# Material for this exercise
+++

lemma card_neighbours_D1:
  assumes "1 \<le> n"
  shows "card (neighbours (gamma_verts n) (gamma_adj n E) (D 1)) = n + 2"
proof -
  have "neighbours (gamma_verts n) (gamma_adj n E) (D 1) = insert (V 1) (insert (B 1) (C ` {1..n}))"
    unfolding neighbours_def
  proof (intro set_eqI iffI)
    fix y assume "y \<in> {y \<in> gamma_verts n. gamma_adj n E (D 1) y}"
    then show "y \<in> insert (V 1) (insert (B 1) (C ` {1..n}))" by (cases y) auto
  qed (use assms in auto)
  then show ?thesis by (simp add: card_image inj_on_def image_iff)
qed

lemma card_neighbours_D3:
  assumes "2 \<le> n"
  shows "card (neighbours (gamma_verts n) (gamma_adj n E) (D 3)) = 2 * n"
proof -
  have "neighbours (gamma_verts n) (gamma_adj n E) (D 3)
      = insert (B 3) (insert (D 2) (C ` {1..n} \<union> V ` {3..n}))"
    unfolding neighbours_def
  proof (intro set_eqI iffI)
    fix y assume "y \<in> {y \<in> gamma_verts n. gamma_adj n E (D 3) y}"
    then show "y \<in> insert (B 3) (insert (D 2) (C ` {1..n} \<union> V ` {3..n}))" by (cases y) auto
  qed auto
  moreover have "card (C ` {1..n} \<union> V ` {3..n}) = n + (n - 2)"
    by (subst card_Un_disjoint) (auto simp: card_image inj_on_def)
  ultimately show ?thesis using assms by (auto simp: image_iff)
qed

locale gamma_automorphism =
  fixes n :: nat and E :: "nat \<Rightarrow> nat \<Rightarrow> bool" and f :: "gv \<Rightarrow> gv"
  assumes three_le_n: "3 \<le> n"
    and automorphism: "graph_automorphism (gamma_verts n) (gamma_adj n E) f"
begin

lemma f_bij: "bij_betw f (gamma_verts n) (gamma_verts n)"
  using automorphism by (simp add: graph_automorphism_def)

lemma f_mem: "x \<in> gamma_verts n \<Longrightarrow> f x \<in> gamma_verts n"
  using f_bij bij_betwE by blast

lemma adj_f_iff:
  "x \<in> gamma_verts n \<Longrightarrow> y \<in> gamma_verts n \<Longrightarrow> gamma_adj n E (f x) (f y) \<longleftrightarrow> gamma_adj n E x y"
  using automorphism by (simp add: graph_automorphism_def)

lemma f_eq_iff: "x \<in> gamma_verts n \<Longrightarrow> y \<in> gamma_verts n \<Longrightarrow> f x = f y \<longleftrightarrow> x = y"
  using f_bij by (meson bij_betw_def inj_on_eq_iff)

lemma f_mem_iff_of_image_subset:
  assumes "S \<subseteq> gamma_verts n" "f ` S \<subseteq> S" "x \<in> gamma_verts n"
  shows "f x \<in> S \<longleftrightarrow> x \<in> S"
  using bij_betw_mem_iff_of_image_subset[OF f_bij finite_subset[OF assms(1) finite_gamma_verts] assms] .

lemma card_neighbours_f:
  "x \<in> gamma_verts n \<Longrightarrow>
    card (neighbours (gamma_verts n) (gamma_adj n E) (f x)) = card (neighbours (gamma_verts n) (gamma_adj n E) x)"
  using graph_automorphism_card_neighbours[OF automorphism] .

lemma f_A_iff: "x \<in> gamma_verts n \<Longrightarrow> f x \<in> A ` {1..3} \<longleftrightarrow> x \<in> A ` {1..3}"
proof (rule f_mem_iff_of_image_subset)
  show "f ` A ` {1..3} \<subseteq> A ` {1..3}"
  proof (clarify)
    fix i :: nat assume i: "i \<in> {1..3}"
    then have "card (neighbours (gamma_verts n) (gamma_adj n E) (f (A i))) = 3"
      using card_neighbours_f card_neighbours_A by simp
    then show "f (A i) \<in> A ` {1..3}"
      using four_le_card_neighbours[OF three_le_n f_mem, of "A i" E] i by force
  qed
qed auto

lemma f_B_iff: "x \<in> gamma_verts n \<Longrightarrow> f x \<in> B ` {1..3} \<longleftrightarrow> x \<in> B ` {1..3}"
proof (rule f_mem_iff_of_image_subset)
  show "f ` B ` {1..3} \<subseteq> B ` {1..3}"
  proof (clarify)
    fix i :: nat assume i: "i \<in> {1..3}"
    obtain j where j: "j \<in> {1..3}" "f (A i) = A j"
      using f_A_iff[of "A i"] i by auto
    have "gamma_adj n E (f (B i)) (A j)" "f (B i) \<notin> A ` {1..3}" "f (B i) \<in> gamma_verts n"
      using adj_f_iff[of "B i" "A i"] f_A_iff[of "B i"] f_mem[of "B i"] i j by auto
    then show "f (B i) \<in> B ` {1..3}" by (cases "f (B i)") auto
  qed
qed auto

+++

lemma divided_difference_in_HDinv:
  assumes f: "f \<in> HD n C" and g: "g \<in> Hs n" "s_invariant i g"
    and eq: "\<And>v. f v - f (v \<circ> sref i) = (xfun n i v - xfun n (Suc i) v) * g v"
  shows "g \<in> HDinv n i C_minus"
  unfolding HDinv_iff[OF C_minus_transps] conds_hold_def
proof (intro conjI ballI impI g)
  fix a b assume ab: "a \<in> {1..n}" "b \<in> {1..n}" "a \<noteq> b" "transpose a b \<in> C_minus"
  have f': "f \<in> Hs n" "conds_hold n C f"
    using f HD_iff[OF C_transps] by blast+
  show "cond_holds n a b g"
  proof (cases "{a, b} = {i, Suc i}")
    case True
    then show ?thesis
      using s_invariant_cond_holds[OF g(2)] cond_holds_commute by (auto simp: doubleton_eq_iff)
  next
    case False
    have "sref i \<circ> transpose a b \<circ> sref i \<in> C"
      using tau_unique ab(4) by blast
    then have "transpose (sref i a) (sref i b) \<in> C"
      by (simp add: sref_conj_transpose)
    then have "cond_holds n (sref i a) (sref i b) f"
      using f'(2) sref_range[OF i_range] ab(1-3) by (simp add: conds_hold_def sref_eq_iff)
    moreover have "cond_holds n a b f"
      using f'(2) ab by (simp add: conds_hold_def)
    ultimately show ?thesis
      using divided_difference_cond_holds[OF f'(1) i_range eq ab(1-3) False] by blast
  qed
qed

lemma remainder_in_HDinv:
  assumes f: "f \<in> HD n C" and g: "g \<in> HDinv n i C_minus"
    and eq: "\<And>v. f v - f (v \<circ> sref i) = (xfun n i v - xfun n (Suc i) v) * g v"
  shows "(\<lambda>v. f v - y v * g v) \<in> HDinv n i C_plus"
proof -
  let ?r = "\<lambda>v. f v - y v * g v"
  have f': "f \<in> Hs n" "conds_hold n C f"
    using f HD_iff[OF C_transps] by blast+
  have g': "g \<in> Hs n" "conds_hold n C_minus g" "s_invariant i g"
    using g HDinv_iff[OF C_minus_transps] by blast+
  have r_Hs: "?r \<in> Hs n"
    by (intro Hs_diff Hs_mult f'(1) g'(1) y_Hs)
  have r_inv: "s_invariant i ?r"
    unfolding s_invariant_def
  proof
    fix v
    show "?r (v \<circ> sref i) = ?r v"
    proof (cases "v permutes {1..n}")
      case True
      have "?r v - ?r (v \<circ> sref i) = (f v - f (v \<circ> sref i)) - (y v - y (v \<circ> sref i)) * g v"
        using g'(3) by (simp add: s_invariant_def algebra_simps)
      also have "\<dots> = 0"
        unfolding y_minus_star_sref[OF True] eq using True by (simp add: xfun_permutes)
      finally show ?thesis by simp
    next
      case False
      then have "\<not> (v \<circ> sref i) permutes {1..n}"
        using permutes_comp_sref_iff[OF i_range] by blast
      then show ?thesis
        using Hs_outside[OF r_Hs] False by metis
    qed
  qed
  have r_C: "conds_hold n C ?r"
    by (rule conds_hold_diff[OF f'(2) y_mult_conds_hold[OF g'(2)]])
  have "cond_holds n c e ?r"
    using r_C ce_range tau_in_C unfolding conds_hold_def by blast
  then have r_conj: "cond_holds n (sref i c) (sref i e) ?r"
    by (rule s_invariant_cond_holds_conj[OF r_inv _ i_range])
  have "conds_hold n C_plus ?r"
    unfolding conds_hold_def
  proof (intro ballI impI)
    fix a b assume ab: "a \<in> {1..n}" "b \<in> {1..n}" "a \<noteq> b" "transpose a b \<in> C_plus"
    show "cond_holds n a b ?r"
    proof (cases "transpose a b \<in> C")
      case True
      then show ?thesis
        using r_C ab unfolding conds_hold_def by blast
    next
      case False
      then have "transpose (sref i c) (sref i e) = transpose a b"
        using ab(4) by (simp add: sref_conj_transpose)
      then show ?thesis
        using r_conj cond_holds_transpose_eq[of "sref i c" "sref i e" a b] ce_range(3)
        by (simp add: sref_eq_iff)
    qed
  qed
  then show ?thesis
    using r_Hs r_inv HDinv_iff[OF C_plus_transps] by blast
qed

+++

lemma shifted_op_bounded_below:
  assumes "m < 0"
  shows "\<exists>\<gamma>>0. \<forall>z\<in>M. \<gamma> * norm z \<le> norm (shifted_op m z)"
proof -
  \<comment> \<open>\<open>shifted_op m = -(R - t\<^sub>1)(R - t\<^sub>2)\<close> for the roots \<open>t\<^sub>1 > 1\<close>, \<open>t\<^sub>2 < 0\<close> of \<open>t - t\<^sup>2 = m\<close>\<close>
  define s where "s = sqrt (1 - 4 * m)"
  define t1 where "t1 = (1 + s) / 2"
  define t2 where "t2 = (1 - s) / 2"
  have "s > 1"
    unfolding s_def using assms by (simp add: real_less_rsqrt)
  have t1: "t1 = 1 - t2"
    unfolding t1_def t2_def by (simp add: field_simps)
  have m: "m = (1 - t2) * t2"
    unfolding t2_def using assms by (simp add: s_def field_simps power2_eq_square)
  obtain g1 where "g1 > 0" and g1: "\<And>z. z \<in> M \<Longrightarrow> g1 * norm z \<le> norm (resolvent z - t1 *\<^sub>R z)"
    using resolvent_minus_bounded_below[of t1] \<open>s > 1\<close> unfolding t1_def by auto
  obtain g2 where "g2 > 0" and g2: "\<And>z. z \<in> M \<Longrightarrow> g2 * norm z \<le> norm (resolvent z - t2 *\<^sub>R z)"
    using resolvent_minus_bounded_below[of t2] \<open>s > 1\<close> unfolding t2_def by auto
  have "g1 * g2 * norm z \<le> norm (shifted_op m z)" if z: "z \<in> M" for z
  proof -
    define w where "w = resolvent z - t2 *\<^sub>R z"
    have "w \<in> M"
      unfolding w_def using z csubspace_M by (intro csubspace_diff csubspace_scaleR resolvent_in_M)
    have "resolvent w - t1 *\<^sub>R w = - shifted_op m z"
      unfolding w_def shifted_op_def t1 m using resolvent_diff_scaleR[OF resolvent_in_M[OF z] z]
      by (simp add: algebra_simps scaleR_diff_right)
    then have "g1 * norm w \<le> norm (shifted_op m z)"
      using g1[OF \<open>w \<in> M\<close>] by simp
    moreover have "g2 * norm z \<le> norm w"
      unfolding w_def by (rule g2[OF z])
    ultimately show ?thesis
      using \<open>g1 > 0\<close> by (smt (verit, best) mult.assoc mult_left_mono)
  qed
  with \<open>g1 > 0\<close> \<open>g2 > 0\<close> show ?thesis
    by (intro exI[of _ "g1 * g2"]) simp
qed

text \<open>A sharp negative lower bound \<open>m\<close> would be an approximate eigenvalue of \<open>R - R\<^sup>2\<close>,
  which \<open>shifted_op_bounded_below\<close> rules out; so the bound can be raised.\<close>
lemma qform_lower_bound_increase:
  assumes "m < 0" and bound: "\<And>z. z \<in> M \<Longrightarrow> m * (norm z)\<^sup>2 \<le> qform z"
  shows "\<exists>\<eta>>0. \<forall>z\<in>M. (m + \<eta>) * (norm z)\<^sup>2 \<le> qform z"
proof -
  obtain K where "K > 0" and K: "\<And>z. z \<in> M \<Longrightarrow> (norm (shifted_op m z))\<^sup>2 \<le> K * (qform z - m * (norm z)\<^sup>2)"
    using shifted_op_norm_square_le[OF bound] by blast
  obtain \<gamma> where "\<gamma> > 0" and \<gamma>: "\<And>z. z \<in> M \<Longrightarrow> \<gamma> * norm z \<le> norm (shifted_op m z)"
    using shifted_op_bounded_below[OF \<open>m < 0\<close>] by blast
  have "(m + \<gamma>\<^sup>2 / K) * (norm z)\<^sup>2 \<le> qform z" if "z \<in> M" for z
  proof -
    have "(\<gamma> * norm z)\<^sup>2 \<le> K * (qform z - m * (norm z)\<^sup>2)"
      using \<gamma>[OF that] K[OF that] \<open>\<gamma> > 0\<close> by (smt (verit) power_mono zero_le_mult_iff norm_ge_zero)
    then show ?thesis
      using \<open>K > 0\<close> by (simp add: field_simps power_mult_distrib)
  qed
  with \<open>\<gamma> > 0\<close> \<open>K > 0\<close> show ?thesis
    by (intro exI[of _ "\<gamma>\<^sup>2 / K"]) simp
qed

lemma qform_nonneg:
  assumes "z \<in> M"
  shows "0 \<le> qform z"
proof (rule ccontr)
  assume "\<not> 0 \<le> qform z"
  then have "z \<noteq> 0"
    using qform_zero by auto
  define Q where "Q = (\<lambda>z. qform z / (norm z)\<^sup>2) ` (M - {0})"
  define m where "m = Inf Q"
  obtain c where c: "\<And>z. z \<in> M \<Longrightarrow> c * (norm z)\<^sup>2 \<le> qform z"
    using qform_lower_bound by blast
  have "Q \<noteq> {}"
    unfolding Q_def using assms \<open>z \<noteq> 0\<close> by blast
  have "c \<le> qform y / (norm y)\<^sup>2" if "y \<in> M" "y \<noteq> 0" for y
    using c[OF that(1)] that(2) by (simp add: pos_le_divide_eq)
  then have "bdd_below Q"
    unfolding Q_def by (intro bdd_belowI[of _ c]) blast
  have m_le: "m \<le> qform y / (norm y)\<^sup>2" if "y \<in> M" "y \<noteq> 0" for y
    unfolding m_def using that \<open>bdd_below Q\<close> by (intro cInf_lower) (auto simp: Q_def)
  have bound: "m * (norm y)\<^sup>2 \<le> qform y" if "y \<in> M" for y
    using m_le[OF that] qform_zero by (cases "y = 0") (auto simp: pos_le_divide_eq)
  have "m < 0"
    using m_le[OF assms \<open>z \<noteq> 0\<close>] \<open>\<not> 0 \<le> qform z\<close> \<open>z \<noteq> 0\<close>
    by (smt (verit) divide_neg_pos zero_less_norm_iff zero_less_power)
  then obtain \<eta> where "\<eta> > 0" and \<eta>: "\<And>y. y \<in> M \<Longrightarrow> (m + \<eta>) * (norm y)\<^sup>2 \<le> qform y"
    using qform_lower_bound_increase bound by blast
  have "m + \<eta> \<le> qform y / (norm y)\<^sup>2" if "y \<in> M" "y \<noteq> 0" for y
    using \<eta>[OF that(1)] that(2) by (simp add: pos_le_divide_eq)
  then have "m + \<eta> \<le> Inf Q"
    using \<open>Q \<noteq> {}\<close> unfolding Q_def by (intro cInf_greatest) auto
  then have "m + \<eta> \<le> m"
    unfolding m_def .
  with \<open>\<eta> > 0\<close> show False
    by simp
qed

+++

# Your goal
Look through the entries above and quote exactly the lines from the line with "using f_bij bij_betwE by blast" to the line with "(A i) \<in> A", counting both of those lines.

# Written answer
  using f_bij bij_betwE by blast

lemma adj_f_iff:
  "x \<in> gamma_verts n \<Longrightarrow> y \<in> gamma_verts n \<Longrightarrow> gamma_adj n E (f x) (f y) \<longleftrightarrow> gamma_adj n E x y"
  using automorphism by (simp add: graph_automorphism_def)

lemma f_eq_iff: "x \<in> gamma_verts n \<Longrightarrow> y \<in> gamma_verts n \<Longrightarrow> f x = f y \<longleftrightarrow> x = y"
  using f_bij by (meson bij_betw_def inj_on_eq_iff)

lemma f_mem_iff_of_image_subset:
  assumes "S \<subseteq> gamma_verts n" "f ` S \<subseteq> S" "x \<in> gamma_verts n"
  shows "f x \<in> S \<longleftrightarrow> x \<in> S"
  using bij_betw_mem_iff_of_image_subset[OF f_bij finite_subset[OF assms(1) finite_gamma_verts] assms] .

lemma card_neighbours_f:
  "x \<in> gamma_verts n \<Longrightarrow>
    card (neighbours (gamma_verts n) (gamma_adj n E) (f x)) = card (neighbours (gamma_verts n) (gamma_adj n E) x)"
  using graph_automorphism_card_neighbours[OF automorphism] .

lemma f_A_iff: "x \<in> gamma_verts n \<Longrightarrow> f x \<in> A ` {1..3} \<longleftrightarrow> x \<in> A ` {1..3}"
proof (rule f_mem_iff_of_image_subset)
  show "f ` A ` {1..3} \<subseteq> A ` {1..3}"
  proof (clarify)
    fix i :: nat assume i: "i \<in> {1..3}"
    then have "card (neighbours (gamma_verts n) (gamma_adj n E) (f (A i))) = 3"
      using card_neighbours_f card_neighbours_A by simp
    then show "f (A i) \<in> A ` {1..3}"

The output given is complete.